- _Work to be completed_:
Scan the data for "conjI" and copy each matching line.

Items from a dataset
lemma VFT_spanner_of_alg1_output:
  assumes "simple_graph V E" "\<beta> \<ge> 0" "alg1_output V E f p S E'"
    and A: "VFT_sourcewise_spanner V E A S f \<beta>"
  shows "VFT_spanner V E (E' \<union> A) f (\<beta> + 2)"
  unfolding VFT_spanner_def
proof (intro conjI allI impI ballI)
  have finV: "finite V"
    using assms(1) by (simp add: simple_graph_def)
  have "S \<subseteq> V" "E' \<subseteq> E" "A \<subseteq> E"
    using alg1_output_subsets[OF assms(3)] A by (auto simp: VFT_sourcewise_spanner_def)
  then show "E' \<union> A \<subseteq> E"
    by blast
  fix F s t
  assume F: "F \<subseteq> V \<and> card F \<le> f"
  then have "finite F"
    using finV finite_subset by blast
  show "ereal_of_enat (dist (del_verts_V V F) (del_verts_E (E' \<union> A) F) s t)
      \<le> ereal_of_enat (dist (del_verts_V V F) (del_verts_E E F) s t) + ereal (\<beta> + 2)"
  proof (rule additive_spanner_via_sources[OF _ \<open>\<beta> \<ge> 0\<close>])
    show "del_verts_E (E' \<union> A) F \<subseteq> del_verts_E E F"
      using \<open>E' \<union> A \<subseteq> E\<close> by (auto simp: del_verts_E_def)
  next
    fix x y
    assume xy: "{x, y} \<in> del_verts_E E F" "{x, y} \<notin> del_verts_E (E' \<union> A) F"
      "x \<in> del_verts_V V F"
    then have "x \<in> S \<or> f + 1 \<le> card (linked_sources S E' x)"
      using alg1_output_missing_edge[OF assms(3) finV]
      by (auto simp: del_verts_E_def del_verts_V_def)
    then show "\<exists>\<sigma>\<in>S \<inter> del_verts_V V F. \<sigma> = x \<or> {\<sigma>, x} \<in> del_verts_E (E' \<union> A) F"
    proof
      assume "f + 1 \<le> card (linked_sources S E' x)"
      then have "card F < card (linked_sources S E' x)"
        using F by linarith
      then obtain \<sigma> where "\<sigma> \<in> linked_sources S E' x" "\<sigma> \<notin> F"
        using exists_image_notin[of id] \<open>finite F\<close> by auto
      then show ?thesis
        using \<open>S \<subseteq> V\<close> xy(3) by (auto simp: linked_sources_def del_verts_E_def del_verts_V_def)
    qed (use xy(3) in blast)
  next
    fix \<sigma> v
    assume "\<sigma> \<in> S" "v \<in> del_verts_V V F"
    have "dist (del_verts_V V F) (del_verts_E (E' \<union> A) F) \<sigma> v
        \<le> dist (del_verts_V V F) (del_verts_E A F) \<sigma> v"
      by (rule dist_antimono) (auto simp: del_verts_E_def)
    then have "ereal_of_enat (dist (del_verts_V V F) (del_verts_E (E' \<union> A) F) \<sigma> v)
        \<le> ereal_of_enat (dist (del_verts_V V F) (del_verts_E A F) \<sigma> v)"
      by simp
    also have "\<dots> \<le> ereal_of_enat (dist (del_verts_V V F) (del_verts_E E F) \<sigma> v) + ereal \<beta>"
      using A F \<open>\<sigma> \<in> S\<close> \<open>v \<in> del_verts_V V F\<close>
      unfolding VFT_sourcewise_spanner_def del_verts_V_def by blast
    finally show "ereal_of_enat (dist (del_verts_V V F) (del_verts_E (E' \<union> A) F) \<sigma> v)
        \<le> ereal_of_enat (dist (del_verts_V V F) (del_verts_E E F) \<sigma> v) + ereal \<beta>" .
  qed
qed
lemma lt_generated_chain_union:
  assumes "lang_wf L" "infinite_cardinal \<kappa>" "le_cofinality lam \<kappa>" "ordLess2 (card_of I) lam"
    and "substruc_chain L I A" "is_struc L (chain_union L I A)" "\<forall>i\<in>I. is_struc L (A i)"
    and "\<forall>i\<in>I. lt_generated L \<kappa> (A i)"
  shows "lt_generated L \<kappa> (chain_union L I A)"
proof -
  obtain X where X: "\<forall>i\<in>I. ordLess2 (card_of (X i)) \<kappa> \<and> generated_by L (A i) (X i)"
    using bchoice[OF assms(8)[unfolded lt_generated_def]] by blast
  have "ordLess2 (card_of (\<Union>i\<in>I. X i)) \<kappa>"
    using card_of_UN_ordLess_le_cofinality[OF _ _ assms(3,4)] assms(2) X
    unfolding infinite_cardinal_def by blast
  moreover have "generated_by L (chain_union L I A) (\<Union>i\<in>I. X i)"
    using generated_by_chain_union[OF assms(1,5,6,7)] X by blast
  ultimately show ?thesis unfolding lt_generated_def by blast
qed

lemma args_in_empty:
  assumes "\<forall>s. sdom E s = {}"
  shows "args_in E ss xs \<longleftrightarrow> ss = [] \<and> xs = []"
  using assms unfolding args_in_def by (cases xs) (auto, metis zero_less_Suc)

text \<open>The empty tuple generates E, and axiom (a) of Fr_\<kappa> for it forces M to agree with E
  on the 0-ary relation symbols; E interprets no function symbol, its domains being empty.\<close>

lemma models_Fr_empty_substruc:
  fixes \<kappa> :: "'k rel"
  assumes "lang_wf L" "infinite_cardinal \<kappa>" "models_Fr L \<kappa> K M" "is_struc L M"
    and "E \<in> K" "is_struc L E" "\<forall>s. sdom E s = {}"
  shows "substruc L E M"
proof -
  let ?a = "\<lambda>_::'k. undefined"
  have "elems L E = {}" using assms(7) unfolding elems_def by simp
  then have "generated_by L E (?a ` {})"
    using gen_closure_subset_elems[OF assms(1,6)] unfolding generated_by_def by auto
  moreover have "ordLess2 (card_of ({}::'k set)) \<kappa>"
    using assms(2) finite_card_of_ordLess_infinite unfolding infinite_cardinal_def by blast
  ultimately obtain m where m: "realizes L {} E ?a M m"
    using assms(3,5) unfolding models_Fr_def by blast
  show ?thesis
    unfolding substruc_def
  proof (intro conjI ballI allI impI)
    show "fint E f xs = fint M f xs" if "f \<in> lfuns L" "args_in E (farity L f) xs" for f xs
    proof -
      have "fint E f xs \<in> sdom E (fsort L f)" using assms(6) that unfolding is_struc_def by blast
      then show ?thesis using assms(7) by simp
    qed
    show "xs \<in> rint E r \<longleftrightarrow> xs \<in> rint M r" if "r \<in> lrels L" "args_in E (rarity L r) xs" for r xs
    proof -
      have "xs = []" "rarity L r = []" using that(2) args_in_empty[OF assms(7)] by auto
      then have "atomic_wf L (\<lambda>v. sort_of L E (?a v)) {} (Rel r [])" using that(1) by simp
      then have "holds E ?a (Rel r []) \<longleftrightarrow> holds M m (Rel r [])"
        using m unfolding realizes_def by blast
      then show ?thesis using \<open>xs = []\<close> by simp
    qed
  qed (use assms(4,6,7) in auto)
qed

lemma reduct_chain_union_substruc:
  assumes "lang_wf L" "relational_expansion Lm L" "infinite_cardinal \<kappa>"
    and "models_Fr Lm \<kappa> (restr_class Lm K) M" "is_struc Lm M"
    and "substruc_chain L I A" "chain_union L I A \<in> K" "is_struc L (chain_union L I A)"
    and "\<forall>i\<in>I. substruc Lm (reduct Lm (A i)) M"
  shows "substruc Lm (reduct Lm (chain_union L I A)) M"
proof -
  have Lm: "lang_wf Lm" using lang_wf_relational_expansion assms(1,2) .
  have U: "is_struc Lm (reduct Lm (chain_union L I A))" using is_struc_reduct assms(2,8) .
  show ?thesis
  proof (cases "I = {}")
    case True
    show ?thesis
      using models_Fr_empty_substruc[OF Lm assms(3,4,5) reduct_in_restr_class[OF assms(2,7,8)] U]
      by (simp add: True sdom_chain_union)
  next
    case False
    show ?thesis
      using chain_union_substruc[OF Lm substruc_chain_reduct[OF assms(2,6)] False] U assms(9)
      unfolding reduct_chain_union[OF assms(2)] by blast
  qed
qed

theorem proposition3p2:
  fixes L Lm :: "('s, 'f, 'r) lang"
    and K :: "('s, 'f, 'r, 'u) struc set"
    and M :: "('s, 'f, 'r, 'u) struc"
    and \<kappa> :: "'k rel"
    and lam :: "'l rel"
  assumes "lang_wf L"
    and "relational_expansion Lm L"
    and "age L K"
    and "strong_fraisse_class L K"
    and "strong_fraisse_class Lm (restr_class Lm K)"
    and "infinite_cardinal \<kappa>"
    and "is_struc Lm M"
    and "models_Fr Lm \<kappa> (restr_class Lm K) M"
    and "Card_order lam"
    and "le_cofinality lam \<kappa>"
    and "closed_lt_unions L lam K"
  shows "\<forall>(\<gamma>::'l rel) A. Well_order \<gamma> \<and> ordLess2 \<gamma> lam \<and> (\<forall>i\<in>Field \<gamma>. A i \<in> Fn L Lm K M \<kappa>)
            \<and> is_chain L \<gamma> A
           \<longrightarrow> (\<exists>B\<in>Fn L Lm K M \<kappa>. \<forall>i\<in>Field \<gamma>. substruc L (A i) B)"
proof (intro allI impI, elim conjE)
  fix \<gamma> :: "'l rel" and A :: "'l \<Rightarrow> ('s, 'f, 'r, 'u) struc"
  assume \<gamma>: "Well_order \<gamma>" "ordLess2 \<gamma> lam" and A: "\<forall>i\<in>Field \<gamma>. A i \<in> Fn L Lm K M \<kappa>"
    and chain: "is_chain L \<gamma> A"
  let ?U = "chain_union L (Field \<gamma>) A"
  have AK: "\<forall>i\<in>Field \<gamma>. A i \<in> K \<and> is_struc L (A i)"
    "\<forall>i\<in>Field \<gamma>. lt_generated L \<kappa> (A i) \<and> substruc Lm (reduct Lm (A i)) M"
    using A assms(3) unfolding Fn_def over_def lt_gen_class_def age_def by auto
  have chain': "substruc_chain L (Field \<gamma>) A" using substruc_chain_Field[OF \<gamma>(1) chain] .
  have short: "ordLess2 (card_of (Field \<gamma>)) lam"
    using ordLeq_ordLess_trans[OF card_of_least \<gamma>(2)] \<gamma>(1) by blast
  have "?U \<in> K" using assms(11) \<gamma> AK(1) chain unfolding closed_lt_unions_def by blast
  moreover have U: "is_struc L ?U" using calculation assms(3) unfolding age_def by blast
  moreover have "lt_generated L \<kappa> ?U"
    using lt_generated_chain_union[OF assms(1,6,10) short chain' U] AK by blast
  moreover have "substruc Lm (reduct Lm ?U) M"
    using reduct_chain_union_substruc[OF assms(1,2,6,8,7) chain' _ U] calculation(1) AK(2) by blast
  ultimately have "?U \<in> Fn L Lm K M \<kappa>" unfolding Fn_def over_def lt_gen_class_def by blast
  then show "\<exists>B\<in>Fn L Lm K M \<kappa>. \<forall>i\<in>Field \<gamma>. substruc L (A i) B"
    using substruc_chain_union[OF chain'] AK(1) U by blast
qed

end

- _Final answer_:
proof (intro conjI allI impI ballI)
  proof (intro conjI ballI allI impI)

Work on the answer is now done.